Kamal Mouzawak writes: Food is a window – “the best way to look into people’s lives.”
Make food, not war.
Kamal Mouzawak is full of practical wisdom and inspiring encouragement. The recipes are simple. He says souk food is easy and fast – how I like to cook.
Tahini sauce – Tarator
Garlic 1 clove or more
240g tahini (sesame paste)
Juice of 3 lemons
1 tablespoon of olive oil.
Crush garlic with little salt, add to tahini in the bowl, and add the lemon juice. Tahini will thicken so continue stirring with a fork and add more lemon juice if needed. The mixture will be smooth. Season with salt to taste, blend in olive oil and serve. Good over dark leafy vegetables.
Fava bean stew – foul medamass
I love the addition of quartered lemons to this fava bean stew.
120g small brown beans
1 onion peeled halved
Garlic
Handful split yellow lentils
1 lemon plus juice of 2 lemons
80 ml olive oil
Ground cumin and salt.
Soak beans overnight. Drain. Add onion halves, garlic and lentils. Add water to cover by 2 fingers. Cook beans for several hours to be mushy. Add quartered lemons 20 minutes before the end. Take off heat and add lemon juice, olive oil, cumin and salt to taste.
Souk food – soul food.
PS On the subject of tahini sauce, I came across this amazing recipe by UK chef and co-owner of Wahaca, Thomasina: Tagliatelle with blue cheese, tahini and caramelised onions. Straining the yogurt and adding tahini makes this into a luxurious and creamy dish, yet it is light too. Comfort food – recommend!
The original recipe (serves 4-6). Here follows my mini-version:
Cook 900g sliced onions slowly (25 mins) in 4 teaspoons olive oil + 30g butter. Cook 450g pasta (I use buckwheat noodles), adding 300g frozen peas in the last three minutes of cooking. Drain pasta and peas but keep 250ml of the cooking water. Strain 450g of Greek natural yogurt. (I added the residual ‘yogurt water’ to the pasta cooking water because I hate waste.).

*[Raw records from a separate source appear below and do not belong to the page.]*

(* Let $\boldsymbol\mu>\mathbf 0$ and assume $\mathbf I-\mathbf G$ is irreducible for every $\mathbf G\in\mathcal G(\boldsymbol\mu)$. Let $\Omega_1,\dots,\Omega_M\subseteq\{1,\dots,N\}$ be nonempty and $\bar p_{\Omega_1},\dots,\bar p_{\Omega_M}>0$, and let $\mathcal P=\{\mathbf p\in\mathbb R^N:\mathbf p\geq\mathbf 0,\ \sum_{i\in\Omega_m}p_i\leq\bar p_{\Omega_m},\ m=1,\dots,M\}$. Then there exists $\mathbf p\in\mathcal P$ with $\mathbf A(\boldsymbol\mu)\mathbf p\geq\mathbf n(\boldsymbol\mu)$ if and only if $$\max_{\mathbf G\in\mathcal G(\boldsymbol\mu)}\ \max_{m\in\{1,\dots,M\}}\ \lambda\Big(\psi\big(\mathbf I-\mathbf G,\ \tfrac{1}{\bar p_{\Omega_m}}\mathbf n_{\mathbf G},\ \Omega_m\big)\Big)\leq 1.$$
   Context: Multicast system: $N$ transmitters; transmitter $T_i$ has $K_i\geq1$ receivers $R_i^{k}$, $k\in\mathcal K_i=\{1,\dots,K_i\}$. Channel gains $g_{r_i^{k},t_j}\geq 0$ (from $T_j$ to $R_i^k$) with $g_{r_i^{k},t_i}>0$; noise variance $\sigma^2>0$. For $\boldsymbol\mu\in\mathbb R^N$, $\mathbf a_i^{k}(\boldsymbol\mu)\in\mathbb R^{1\times N}$ is the row vector with $i$-th entry $1$ and $j$-th entry $-\mu_i g_{r_i^{k},t_j}/g_{r_i^{k},t_i}$ for $j\neq i$; $n_i^{k}(\boldsymbol\mu)=\mu_i\sigma^2/g_{r_i^{k},t_i}$. $\mathbf A(\boldsymbol\mu)$ stacks all rows $\mathbf a_i^k(\boldsymbol\mu)$ and $\mathbf n(\boldsymbol\mu)$ the corresponding $n_i^k(\boldsymbol\mu)$. $\mathcal G(\boldsymbol\mu)$ is the set of $N\times N$ matrices whose $i$-th row is $\mathbf a_i^{k_i}(\boldsymbol\mu)$ for some $k_i\in\mathcal K_i$; for such $\mathbf G$, $\mathbf n_{\mathbf G}=(n_1^{k_1}(\boldsymbol\mu),\dots,n_N^{k_N}(\boldsymbol\mu))^T$. For a matrix $\mathbf X\in\mathbb R^{N\times N}$, a vector $\mathbf y\in\mathbb R^N$ and $\Omega\subseteq\{1,\dots,N\}$, $\psi(\mathbf X,\mathbf y,\Omega)$ is the matrix obtained from $\mathbf X$ by adding $\mathbf y$ to the $j$-th column for every $j\in\Omega$ (other columns unchanged). $\lambda(\cdot)$ is the Perron–Frobenius eigenvalue (spectral radius) of a nonnegative square matrix. *)

theory Defs
  imports "Jordan_Normal_Form.Spectral_Radius"
begin

(* Indexing conventions: transmitters i \<in> {0..<N}; receivers of T_i are k \<in> {1..K i};
   g i k j is the gain from transmitter T_j to receiver R_i^k. *)

definition arow :: "nat \<Rightarrow> (nat \<Rightarrow> nat \<Rightarrow> nat \<Rightarrow> real) \<Rightarrow> (nat \<Rightarrow> real) \<Rightarrow> nat \<Rightarrow> nat \<Rightarrow> real vec" where
  "arow N g \<mu> i k = vec N (\<lambda>j. if j = i then 1 else - \<mu> i * g i k j / g i k i)"

definition nval :: "real \<Rightarrow> (nat \<Rightarrow> nat \<Rightarrow> nat \<Rightarrow> real) \<Rightarrow> (nat \<Rightarrow> real) \<Rightarrow> nat \<Rightarrow> nat \<Rightarrow> real" where
  "nval \<sigma>2 g \<mu> i k = \<mu> i * \<sigma>2 / g i k i"

definition selections :: "nat \<Rightarrow> (nat \<Rightarrow> nat) \<Rightarrow> (nat \<Rightarrow> nat) set" where
  "selections N K = {ks. \<forall>i<N. ks i \<in> {1..K i}}"

definition Gmat :: "nat \<Rightarrow> (nat \<Rightarrow> nat \<Rightarrow> nat \<Rightarrow> real) \<Rightarrow> (nat \<Rightarrow> real) \<Rightarrow> (nat \<Rightarrow> nat) \<Rightarrow> real mat" where
  "Gmat N g \<mu> ks = mat N N (\<lambda>(i,j). arow N g \<mu> i (ks i) $ j)"

definition nG :: "nat \<Rightarrow> real \<Rightarrow> (nat \<Rightarrow> nat \<Rightarrow> nat \<Rightarrow> real) \<Rightarrow> (nat \<Rightarrow> real) \<Rightarrow> (nat \<Rightarrow> nat) \<Rightarrow> real vec" where
  "nG N \<sigma>2 g \<mu> ks = vec N (\<lambda>i. nval \<sigma>2 g \<mu> i (ks i))"

definition Gset :: "nat \<Rightarrow> (nat \<Rightarrow> nat) \<Rightarrow> (nat \<Rightarrow> nat \<Rightarrow> nat \<Rightarrow> real) \<Rightarrow> (nat \<Rightarrow> real) \<Rightarrow> real mat set" where
  "Gset N K g \<mu> = Gmat N g \<mu> ` selections N K"

definition psi :: "real mat \<Rightarrow> real vec \<Rightarrow> nat set \<Rightarrow> real mat" where
  "psi X y \<Omega> = mat (dim_row X) (dim_col X) (\<lambda>(i,j). X $$ (i,j) + (if j \<in> \<Omega> then y $ i else 0))"

definition irreducible_mat :: "real mat \<Rightarrow> bool" where
  "irreducible_mat A \<longleftrightarrow> (\<exists>n. A \<in> carrier_mat n n \<and>
     (\<forall>i<n. \<forall>j<n. i \<noteq> j \<longrightarrow> (i,j) \<in> {(a,b). a < n \<and> b < n \<and> A $$ (a,b) \<noteq> 0}\<^sup>+))"

(* Perron-Frobenius eigenvalue = spectral radius *)
definition pf_eig :: "real mat \<Rightarrow> real" where
  "pf_eig A = spectral_radius (map_mat complex_of_real A)"

end

theory Submission
  imports Defs
begin

text \<open>
  Put \<open>F = I - G\<close>, which is nonnegative and irreducible, and
  \<open>B = \<psi>(F, n\<^sub>G / pbar\<^sub>m, \<Omega>\<^sub>m)\<close>. A feasible power vector \<open>p\<close> is positive and satisfies
  \<open>B p \<le> p\<close>, so \<open>\<lambda>(B) \<le> 1\<close> by the Collatz-Wielandt bound.
  Conversely, if every \<open>\<lambda>(B) \<le> 1\<close>, then no nonzero \<open>w \<ge> 0\<close> satisfies \<open>w \<le> F w\<close>:
  irreducibility would make such a \<open>w\<close> positive, and then \<open>B w > w\<close> forces \<open>\<lambda>(B) > 1\<close>.
  Hence every \<open>G\<close> is a monotone matrix (\<open>G x \<ge> 0\<close> implies \<open>x \<ge> 0\<close>), and \<open>G p = n\<^sub>G\<close> has a
  positive solution. Among all receiver selections, the solution of largest total power meets the
  target of every receiver, because switching a transmitter to a violated receiver would increase
  it; and it respects every budget, because otherwise \<open>B p > p\<close>.
\<close>

section \<open>Nonnegative matrices and the Perron-Frobenius eigenvalue\<close>

definition nonneg_mat :: "real mat \<Rightarrow> bool" where
  "nonneg_mat A \<longleftrightarrow> (\<forall>i<dim_row A. \<forall>j<dim_col A. 0 \<le> A $$ (i,j))"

Put pasta in a bowl. Beat reserved pasta water into strained yogurt, and season. Then add to pasta, so it absorbs sauce for a few minutes. Add more of the cooking water gradually until you have a “silky pile of pasta”. Crumble 100g blue cheese over your luxurious pasta pile, and top with the caramelised onions.
And, finally, a picture of Rafic’s (see comments) Lebanese restaurant in London. Mezza of Lebanon (1968 – 2004) was at 262 Kensington High Street, near Holland Park.